## Data supplied
lemma norm_zeta_minus_1_le:
  fixes z :: complex
  assumes z: "Re z \<ge> 18"
  shows "norm (zeta z - 1) \<le> 1/100"
proof -
  define f where "f n = 1 / (of_nat (Suc n) :: complex) powr z" for n
  have norm_f: "norm (f n) = 1 / real (Suc n) powr Re z" for n
    unfolding f_def by (simp add: norm_divide norm_powr_real_powr)
  define b where "b n = 1 / 2^16 * (1 / (real n + 1)^2)" for n
  have b_sums: "b sums (1 / 2^16 * (pi^2 / 6))"
    unfolding b_def by (intro sums_mult) (use inverse_squares_sums in \<open>simp add: add.commute\<close>)
  have f_le_b: "norm (f (Suc n)) \<le> b n" for n
  proof -
    define m where "m = real n + 2"
    have m: "m \<ge> 2" by (simp add: m_def)
    have "2^16 * (real n + 1)^2 \<le> m^16 * m^2"
      using m by (intro mult_mono power_mono) (auto simp: m_def)
    also have "\<dots> = m powr 18"
      using m by (simp add: powr_realpow flip: power_add)
    also have "\<dots> \<le> m powr Re z"
      using m z by (intro powr_mono) auto
    finally show ?thesis
      unfolding norm_f b_def using m by (simp add: m_def field_simps)
  qed
  have summable_b: "summable b" using b_sums sums_summable by blast
  have summable_tail: "summable (\<lambda>n. norm (f (Suc n)))"
    by (rule summable_comparison_test[OF _ summable_b]) (use f_le_b in auto)
  have "summable f"
    using summable_tail by (subst summable_Suc_iff[symmetric]) (rule summable_norm_cancel)
  moreover have "zeta z = suminf f" "f 0 = 1"
    by (simp_all add: zeta_def f_def[abs_def])
  ultimately have "zeta z - 1 = (\<Sum>n. f (Suc n))"
    by (simp add: suminf_split_head)
  hence "norm (zeta z - 1) \<le> (\<Sum>n. norm (f (Suc n)))"
    using summable_norm[OF summable_tail] by simp
  also have "\<dots> \<le> (\<Sum>n. b n)"
    by (rule suminf_le) (use f_le_b summable_tail summable_b in auto)
  also have "\<dots> = 1 / 2^16 * (pi^2 / 6)"
    using b_sums sums_unique by metis
  also have "\<dots> \<le> 1/100"
    using pi_less_4 pi_gt3 mult_mono[of pi 4 pi 4] by (simp add: power2_eq_square)
  finally show ?thesis .
qed

lemma norm_zeta_bounds:
  fixes z :: complex
  assumes "Re z \<ge> 18"
  shows "norm (zeta z) \<le> 101/100" "99/100 \<le> norm (zeta z)"
  using norm_zeta_minus_1_le[OF assms] norm_triangle_ineq[of "zeta z - 1" 1]
    norm_triangle_ineq2[of 1 "1 - zeta z"]
  by (simp_all add: norm_minus_commute)

lemma norm_diff_of_real_le:
  fixes s :: complex
  assumes "0 \<le> c" "c \<le> Re s"
  shows "norm (s - of_real c) \<le> norm s"
proof -
  have "(norm (s - of_real c))^2 \<le> (norm s)^2"
    unfolding cmod_power2 using assms by (simp add: power_mono)
  thus ?thesis by (rule power2_le_imp_le) simp
qed

lemma norm_le_norm_add_of_real:
  fixes s :: complex
  assumes "0 \<le> c" "0 \<le> Re s"
  shows "norm s \<le> norm (s + of_real c)"
proof -
  have "(norm s)^2 \<le> (norm (s + of_real c))^2"
    unfolding cmod_power2 using assms by (simp add: power_mono)
  thus ?thesis by (rule power2_le_imp_le) simp
qed

lemma norm_shift_bounds:
  fixes s :: complex
  assumes s: "Re s \<ge> 20"
  shows "19/20 * norm s \<le> norm (s - 1)" "norm (s - 1) \<le> norm s"
    "9/10 * norm s \<le> norm (s - 2)" "norm (s - 2) \<le> norm s"
    "norm (s - 3) \<le> norm s"
    "norm s \<le> norm (s + 1)" "norm (s + 1) \<le> 21/20 * norm s"
    "norm s \<le> norm (s + 2)" "norm (s + 2) \<le> 11/10 * norm s"
proof -
  have t: "norm s \<ge> 20" using s complex_Re_le_cmod[of s] by linarith
  show "norm (s - 1) \<le> norm s" "norm (s - 2) \<le> norm s" "norm (s - 3) \<le> norm s"
    using norm_diff_of_real_le[of 1 s] norm_diff_of_real_le[of 2 s] norm_diff_of_real_le[of 3 s] s
    by simp_all
  show "norm s \<le> norm (s + 1)" "norm s \<le> norm (s + 2)"
    using norm_le_norm_add_of_real[of 1 s] norm_le_norm_add_of_real[of 2 s] s by simp_all
  show "19/20 * norm s \<le> norm (s - 1)" "9/10 * norm s \<le> norm (s - 2)"
    using norm_triangle_ineq2[of s 1] norm_triangle_ineq2[of s 2] t by simp_all
  show "norm (s + 1) \<le> 21/20 * norm s" "norm (s + 2) \<le> 11/10 * norm s"
    using norm_triangle_ineq[of s 1] norm_triangle_ineq[of s 2] t by simp_all
qed

lemma norm_A_const_bounds:
  fixes s :: complex
  assumes s: "Re s \<ge> 20"
  shows "394/100 \<le> norm (A_const * s + 3)"
    "norm (A_const * s - A_const - 3) \<le> 254/100 * norm (A_const * s + 3)"
proof -
  have pi_bounds: "3141/1000 \<le> pi" "pi \<le> 315/100" using pi_approx by auto
  have "394/100 \<le> (pi/3 - 1) * Re s + 3"
    using mult_left_mono[OF s, of "pi/3 - 1"] pi_bounds by simp
  also have "\<dots> = Re (A_const * s + 3)" by (simp add: A_const_def)
  also have "\<dots> \<le> norm (A_const * s + 3)" by (rule complex_Re_le_cmod)
  finally show a: "394/100 \<le> norm (A_const * s + 3)" .
  have "A_const + 6 = of_real (pi/3 + 5)"
    by (simp add: A_const_def)
  hence "norm (A_const + 6) = pi/3 + 5"
    using pi_bounds by (simp only: norm_of_real)
  hence "norm (A_const * s - A_const - 3) \<le> norm (A_const * s + 3) + (pi/3 + 5)"
    using norm_triangle_ineq4[of "A_const * s + 3" "A_const + 6"] by (simp add: algebra_simps)
  thus "norm (A_const * s - A_const - 3) \<le> 254/100 * norm (A_const * s + 3)"
    using a pi_bounds by simp
qed

lemma sqrt_pi_le: "sqrt pi \<le> 178/100"
proof -
  have "sqrt pi \<le> sqrt ((178/100)^2)"
    using pi_approx by (intro real_sqrt_le_mono) (simp add: power2_eq_square)
  thus ?thesis by simp
qed

lemma of_real_powr_add_half_nat:
  fixes x :: real and w :: complex
  assumes "x > 0"
  shows "of_real x powr (w + of_nat j / 2) = of_real x powr w * of_real (sqrt x) ^ j"
proof (induction j)
  case (Suc j)
  have "of_real x powr (w + of_nat (Suc j) / 2) = of_real x powr (w + of_nat j / 2) * of_real x powr (1/2)"
    by (simp add: field_simps flip: powr_add)
  also have "(complex_of_real x) powr (1/2) = of_real (sqrt x)"
    using powr_of_real[of x "1/2"] assms by (simp add: powr_half_sqrt)
  finally show ?case using Suc.IH by simp
qed simp

text \<open>The two brackets of \<open>Z2\<close>, with every \<open>chi\<close> written through \<open>Gamma\<close> and
  \<open>zeta\<close> and the common factor of \<open>Z2_factorization\<close> removed.\<close>

definition Z2_bracket_up :: "complex \<Rightarrow> complex" where
  "Z2_bracket_up s =
     (A_const * s + 3) * (s - 1) * (s + 2) * (s + 1) * Gamma (s/2) * zeta (s + 2) / 2
     - 2 * (s - 3) * (s + 1) * of_real (sqrt pi) * Gamma (s/2 + 1/2) * zeta (s + 1)
     - (s + 2) * (s - 3) * of_real (sqrt pi) ^ 2 * Gamma (s/2) * zeta s"

definition Z2_bracket_down :: "complex \<Rightarrow> complex" where
  "Z2_bracket_down s =
     2 * (A_const * s - A_const - 3) * s * (s - 3) * of_real (sqrt pi) ^ 2 * Gamma (s/2) * zeta (s - 2)
     + 4 * (s + 2) * (s - 2) * of_real (sqrt pi) * Gamma (s/2 + 1/2) * zeta (s - 1)
     + (s + 2) * (s - 3) * (s - 1) * Gamma (s/2) * zeta s"

text \<open>\<open>P\<close> is the smallest power of \<open>pi\<close> occurring in \<open>Z2\<close>; every other one is \<open>P\<close> or
  \<open>P\<^sup>2\<close> times a power of \<open>sqrt pi\<close>.\<close>

lemma Z2_factorization:
  fixes s :: complex
  assumes s: "Re s > 2"
  defines "P \<equiv> of_real pi powr (- (s + 2) / 2)" and "q \<equiv> complex_of_real (sqrt pi)"
  shows "Z2 s = 2 * s * (s - 1) * (2 * s - 1) * P ^ 3 * q ^ 4 *
    (s * (s - 2) * Gamma s * zeta (2 * s) * Z2_bracket_up s
     - (s + 1) * Gamma (s - 1/2) * zeta (2 * s - 1) * q ^ 3 * Z2_bracket_down s)"
proof -
  have pi_powr: "of_real pi powr (- (s + 2) / 2 + of_nat j / 2) = P * q ^ j" for j
    unfolding P_def q_def by (rule of_real_powr_add_half_nat) simp
  have "of_real pi powr (- (s + 2)) = P ^ 2"
    unfolding P_def power2_eq_square by (simp flip: powr_add)
  hence pi_powr2: "of_real pi powr (- (s + 2) + of_nat j / 2) = P ^ 2 * q ^ j" for j
    unfolding q_def by (simp add: of_real_powr_add_half_nat)
  have exponents:
    "- (s + 1) / 2 = - (s + 2) / 2 + of_nat 1 / 2" "- s / 2 = - (s + 2) / 2 + of_nat 2 / 2"
    "- (s - 1) / 2 = - (s + 2) / 2 + of_nat 3 / 2" "- (s - 2) / 2 = - (s + 2) / 2 + of_nat 4 / 2"
    "- (2 * s) / 2 = - (s + 2) + of_nat 4 / 2" "- (2 * s - 1) / 2 = - (s + 2) + of_nat 5 / 2"
    by (simp_all add: field_simps)
  have chi: "chi w = w * (w - 1) * of_real pi powr (- w / 2) * Gamma (w / 2) * zeta w" for w
    unfolding chi_def xi_def by (simp add: mult_ac)
  have Gamma_succ: "Gamma (w + 1) = w * Gamma w" if "Re w > 0" for w
    using that by (intro Gamma_plus1 Re_pos_not_nonpos_Ints)
  define g where "g = Gamma ((s - 2) / 2)"
  define h where "h = Gamma ((s - 1) / 2)"
  have Gamma_s2: "Gamma (s / 2) = (s - 2) / 2 * g"
    using Gamma_succ[of "(s - 2) / 2"] s by (simp add: g_def field_simps)
  have Gamma_args:
    "Gamma ((s + 2) / 2) = s / 2 * Gamma (s / 2)"
    "Gamma (s / 2 + 1 / 2) = (s - 1) / 2 * h" "Gamma ((s + 1) / 2) = (s - 1) / 2 * h"
    "Gamma ((2 * s) / 2) = Gamma s" "Gamma ((2 * s - 1) / 2) = Gamma (s - 1 / 2)"
    using Gamma_succ[of "s / 2"] Gamma_succ[of "(s - 1) / 2"] s
    by (simp_all add: h_def field_simps)
  show ?thesis
    unfolding Z2_def Z2_bracket_up_def Z2_bracket_down_def chi exponents pi_powr pi_powr2
      Gamma_args Gamma_s2 g_def[symmetric] h_def[symmetric] q_def[symmetric] P_def[symmetric]
    by (simp add: field_simps) algebra
qed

## About this task
Could you return exactly the lines above from the line with "- (s + 1) * Gamma" to the line with "unfolding P_def power2_eq_square", both included, and nothing else?

## Answer to this exercise
     - (s + 1) * Gamma (s - 1/2) * zeta (2 * s - 1) * q ^ 3 * Z2_bracket_down s)"
proof -
  have pi_powr: "of_real pi powr (- (s + 2) / 2 + of_nat j / 2) = P * q ^ j" for j
    unfolding P_def q_def by (rule of_real_powr_add_half_nat) simp
  have "of_real pi powr (- (s + 2)) = P ^ 2"
    unfolding P_def power2_eq_square by (simp flip: powr_add)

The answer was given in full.